Check each line of the data for "noteq", and copy the ones that have it.
*** Input ***
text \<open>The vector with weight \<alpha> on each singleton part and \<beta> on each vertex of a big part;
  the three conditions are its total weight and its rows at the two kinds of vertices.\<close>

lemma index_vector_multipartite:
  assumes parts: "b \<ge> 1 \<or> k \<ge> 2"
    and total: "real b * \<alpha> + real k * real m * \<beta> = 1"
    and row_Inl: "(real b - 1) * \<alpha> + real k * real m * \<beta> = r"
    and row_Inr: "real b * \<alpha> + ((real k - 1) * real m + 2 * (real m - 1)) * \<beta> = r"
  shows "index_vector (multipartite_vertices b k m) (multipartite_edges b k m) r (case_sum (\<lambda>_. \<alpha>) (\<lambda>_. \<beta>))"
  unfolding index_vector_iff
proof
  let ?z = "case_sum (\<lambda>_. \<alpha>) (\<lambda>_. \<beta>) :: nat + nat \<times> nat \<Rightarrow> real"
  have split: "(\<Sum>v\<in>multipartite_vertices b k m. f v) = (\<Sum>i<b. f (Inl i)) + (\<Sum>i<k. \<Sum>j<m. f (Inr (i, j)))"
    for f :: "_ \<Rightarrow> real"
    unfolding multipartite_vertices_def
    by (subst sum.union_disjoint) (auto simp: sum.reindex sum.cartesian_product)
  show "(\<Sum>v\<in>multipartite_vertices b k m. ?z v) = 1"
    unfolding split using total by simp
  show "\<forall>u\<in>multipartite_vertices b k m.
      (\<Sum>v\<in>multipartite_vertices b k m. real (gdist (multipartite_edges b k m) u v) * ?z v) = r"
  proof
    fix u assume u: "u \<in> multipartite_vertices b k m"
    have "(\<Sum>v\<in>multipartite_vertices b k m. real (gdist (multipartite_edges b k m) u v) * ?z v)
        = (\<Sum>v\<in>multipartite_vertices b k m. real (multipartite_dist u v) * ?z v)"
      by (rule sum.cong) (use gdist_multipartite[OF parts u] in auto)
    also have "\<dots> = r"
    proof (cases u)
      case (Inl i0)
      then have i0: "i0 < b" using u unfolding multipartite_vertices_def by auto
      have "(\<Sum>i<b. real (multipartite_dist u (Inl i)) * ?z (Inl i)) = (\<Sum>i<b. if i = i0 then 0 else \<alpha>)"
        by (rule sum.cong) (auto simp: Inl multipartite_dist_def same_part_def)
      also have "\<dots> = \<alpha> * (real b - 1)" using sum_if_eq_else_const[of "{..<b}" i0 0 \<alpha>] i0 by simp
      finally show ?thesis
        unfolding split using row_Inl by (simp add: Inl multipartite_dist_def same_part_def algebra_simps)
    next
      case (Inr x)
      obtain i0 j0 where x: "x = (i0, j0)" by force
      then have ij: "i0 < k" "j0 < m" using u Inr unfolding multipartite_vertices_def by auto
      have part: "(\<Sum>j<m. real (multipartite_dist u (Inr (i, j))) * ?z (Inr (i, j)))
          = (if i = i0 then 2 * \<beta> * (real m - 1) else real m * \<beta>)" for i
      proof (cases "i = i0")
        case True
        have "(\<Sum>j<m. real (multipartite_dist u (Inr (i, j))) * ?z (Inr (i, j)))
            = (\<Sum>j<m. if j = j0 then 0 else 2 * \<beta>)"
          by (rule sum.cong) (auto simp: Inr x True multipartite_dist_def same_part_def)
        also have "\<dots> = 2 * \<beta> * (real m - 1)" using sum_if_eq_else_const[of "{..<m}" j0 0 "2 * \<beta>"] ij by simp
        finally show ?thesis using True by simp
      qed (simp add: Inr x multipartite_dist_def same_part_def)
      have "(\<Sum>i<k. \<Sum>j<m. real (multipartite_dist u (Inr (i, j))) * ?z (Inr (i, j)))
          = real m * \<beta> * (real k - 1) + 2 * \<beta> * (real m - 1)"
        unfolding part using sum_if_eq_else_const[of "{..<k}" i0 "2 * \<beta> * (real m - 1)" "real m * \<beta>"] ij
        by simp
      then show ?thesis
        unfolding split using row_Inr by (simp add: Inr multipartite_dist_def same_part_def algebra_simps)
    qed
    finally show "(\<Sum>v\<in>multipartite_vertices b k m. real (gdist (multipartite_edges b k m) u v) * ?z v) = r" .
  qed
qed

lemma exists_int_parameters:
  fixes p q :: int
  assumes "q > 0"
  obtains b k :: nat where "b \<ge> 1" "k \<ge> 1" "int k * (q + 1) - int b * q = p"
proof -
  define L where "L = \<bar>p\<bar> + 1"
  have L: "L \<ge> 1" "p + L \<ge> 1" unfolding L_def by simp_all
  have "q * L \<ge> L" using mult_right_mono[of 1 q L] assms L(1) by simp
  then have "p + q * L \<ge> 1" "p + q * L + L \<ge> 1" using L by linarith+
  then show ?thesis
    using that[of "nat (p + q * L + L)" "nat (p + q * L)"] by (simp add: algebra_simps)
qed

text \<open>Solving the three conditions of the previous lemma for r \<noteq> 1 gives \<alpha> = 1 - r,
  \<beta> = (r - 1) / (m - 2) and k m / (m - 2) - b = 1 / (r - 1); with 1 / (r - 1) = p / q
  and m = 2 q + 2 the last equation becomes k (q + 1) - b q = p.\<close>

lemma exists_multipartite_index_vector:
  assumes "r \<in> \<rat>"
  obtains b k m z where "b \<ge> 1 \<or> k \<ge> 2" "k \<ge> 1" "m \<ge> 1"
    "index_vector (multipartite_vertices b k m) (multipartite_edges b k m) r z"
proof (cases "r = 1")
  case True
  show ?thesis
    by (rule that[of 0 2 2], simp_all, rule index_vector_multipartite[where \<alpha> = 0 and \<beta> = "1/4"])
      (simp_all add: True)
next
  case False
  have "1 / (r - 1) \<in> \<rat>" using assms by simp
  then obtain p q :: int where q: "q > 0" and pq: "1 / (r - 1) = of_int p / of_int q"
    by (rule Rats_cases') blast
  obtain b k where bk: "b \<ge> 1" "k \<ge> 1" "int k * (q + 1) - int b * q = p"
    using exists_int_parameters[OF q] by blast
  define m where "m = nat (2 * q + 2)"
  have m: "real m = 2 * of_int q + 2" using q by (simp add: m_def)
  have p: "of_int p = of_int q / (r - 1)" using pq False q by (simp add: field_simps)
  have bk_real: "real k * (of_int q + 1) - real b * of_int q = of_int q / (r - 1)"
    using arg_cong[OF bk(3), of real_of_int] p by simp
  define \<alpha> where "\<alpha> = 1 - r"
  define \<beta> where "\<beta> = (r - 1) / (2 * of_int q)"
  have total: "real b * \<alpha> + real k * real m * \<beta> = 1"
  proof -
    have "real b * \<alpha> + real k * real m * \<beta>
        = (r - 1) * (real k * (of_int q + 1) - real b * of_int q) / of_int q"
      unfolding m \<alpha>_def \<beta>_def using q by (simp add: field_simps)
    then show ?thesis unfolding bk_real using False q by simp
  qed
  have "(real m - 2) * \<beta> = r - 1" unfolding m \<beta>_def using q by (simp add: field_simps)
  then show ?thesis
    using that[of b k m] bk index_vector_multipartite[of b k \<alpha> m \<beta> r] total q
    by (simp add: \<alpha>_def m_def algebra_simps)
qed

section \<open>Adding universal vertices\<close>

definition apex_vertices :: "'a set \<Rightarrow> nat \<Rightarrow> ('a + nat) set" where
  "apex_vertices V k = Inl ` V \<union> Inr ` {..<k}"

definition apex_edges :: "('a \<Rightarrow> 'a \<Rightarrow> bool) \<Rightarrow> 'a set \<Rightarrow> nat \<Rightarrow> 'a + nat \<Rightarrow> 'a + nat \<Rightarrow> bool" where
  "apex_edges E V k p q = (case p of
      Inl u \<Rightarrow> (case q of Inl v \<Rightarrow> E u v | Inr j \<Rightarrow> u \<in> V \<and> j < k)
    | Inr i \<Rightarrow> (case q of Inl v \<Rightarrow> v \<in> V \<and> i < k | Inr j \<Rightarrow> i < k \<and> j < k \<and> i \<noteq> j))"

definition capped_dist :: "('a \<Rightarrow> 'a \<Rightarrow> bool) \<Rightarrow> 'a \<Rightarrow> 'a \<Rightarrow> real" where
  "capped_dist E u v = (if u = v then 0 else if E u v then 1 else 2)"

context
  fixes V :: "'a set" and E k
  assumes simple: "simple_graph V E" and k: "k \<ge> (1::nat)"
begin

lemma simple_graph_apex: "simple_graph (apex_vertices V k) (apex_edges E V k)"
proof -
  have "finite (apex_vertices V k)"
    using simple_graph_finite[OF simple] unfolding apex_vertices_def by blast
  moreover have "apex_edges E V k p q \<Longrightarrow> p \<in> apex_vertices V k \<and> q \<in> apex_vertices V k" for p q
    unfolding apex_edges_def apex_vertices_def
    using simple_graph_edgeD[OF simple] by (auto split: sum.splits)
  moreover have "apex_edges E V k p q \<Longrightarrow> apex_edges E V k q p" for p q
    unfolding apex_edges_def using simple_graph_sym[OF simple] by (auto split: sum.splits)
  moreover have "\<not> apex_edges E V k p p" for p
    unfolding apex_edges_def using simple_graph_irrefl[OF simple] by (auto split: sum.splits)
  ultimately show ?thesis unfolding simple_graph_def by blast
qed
*** End of Input ***
■ **Exercise solution**:
text \<open>Solving the three conditions of the previous lemma for r \<noteq> 1 gives \<alpha> = 1 - r,
    | Inr i \<Rightarrow> (case q of Inl v \<Rightarrow> v \<in> V \<and> i < k | Inr j \<Rightarrow> i < k \<and> j < k \<and> i \<noteq> j))"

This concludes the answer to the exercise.